Problem requirements.
Find every line in the entries that holds the string "subseteq" and report it.

Items listed in a dataset

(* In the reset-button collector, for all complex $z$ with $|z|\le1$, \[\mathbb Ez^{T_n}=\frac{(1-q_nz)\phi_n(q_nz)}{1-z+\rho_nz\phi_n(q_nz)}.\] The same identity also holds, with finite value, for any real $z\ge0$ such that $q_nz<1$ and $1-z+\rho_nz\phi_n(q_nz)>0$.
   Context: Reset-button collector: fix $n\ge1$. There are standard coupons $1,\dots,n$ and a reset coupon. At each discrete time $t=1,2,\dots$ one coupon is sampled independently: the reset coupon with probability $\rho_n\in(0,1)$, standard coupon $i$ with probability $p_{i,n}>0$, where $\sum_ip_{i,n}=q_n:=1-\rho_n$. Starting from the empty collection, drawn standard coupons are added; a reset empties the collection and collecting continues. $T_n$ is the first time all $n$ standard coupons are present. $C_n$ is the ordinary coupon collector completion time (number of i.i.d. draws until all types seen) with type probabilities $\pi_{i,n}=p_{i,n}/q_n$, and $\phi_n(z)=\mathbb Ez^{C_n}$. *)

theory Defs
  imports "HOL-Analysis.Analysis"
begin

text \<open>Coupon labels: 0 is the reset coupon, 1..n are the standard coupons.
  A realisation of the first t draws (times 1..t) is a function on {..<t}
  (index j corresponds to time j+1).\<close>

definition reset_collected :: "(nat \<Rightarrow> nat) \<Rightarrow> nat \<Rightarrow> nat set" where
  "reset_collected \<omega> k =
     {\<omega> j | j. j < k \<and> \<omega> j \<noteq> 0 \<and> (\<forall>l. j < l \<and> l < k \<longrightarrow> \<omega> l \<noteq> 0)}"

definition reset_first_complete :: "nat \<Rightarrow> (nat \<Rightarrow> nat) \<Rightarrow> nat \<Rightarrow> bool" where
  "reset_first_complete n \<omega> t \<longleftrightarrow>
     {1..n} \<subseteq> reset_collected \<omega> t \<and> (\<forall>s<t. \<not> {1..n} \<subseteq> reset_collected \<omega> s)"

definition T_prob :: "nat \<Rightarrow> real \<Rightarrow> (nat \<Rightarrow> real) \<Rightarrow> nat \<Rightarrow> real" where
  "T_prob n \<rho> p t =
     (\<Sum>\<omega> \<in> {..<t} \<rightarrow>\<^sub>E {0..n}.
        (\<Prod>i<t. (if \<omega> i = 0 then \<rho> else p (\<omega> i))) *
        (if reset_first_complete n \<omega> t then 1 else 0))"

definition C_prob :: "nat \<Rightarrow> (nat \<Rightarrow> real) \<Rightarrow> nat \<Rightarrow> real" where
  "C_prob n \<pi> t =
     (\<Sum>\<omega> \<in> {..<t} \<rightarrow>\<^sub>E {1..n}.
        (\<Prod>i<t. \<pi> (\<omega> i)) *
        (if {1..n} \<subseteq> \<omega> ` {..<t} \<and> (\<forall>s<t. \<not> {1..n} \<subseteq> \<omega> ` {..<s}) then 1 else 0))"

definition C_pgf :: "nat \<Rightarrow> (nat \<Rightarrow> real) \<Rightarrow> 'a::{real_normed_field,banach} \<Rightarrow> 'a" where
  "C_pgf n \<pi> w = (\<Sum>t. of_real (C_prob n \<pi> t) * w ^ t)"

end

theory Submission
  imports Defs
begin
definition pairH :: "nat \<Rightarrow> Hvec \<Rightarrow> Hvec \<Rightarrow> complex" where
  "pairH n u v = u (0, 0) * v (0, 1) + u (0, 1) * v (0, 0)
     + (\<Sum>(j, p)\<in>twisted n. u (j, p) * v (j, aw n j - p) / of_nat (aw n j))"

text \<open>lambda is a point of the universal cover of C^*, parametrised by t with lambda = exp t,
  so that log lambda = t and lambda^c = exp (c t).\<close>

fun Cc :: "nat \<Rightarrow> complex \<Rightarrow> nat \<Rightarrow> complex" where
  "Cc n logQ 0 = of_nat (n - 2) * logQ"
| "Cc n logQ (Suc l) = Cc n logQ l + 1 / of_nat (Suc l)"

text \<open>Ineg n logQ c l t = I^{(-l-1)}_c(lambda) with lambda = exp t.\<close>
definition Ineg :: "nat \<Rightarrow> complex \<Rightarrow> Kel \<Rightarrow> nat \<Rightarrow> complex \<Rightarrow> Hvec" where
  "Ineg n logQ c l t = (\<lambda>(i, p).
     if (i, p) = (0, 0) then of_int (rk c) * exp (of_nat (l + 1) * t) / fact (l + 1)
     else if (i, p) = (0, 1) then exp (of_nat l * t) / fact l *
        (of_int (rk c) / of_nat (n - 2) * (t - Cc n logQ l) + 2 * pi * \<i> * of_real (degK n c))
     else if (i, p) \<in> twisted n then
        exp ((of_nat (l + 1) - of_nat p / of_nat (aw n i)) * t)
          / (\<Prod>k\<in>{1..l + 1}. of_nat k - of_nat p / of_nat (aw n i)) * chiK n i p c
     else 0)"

--

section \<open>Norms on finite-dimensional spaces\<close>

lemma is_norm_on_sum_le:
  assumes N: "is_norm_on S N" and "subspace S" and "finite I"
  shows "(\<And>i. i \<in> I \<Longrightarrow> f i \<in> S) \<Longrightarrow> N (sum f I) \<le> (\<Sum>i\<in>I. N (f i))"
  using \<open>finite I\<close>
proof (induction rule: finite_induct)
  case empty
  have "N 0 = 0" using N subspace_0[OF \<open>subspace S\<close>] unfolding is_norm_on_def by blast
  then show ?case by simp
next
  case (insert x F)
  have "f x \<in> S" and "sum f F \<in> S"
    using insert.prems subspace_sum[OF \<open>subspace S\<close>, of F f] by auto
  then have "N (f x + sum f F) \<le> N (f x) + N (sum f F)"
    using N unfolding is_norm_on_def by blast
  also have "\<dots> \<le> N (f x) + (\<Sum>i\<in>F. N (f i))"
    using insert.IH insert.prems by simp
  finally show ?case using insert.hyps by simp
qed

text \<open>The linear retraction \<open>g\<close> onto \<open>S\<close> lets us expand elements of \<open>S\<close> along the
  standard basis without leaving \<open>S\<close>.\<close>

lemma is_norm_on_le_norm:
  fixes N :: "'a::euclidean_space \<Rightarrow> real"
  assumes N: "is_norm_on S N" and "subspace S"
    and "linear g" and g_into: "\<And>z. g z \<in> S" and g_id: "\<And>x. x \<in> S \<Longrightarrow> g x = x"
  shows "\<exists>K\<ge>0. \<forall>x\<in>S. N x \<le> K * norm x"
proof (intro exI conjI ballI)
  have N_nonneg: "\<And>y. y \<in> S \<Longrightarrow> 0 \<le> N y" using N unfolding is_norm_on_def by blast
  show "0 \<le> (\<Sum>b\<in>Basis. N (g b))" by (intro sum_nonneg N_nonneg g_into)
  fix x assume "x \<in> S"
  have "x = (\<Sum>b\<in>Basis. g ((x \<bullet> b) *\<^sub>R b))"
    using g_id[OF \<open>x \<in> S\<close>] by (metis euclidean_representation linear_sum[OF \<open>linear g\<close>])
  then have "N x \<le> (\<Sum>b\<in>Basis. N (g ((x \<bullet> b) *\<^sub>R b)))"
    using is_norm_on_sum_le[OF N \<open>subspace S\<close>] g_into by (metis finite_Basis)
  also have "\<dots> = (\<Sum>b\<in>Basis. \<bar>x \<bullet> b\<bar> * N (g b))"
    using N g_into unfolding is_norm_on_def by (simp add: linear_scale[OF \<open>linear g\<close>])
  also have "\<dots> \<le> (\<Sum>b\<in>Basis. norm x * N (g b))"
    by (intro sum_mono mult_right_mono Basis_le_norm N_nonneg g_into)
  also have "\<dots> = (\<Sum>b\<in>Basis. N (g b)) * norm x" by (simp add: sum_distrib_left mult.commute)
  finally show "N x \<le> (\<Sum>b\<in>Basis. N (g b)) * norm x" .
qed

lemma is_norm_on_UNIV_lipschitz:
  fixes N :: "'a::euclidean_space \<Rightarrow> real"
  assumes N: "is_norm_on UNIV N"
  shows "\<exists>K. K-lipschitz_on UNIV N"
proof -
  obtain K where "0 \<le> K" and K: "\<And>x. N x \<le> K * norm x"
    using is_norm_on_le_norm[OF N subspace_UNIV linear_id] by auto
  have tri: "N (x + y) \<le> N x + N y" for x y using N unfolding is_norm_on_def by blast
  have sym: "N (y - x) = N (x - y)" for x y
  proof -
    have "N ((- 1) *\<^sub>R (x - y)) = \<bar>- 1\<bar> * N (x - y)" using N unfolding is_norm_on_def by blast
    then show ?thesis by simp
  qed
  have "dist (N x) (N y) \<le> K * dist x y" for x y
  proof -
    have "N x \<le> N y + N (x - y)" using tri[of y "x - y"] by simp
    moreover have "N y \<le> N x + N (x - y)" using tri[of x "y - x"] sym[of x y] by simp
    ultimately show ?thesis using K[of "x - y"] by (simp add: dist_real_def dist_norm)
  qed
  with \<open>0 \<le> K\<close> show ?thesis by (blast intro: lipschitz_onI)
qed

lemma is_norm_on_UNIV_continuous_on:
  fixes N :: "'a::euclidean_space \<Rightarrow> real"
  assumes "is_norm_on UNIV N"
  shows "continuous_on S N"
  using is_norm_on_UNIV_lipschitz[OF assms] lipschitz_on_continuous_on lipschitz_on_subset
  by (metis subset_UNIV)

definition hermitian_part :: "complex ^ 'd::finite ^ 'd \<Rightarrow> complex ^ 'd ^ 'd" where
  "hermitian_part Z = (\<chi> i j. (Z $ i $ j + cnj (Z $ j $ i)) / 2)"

Response.
     {1..n} \<subseteq> reset_collected \<omega> t \<and> (\<forall>s<t. \<not> {1..n} \<subseteq> reset_collected \<omega> s)"
        (if {1..n} \<subseteq> \<omega> ` {..<t} \<and> (\<forall>s<t. \<not> {1..n} \<subseteq> \<omega> ` {..<s}) then 1 else 0))"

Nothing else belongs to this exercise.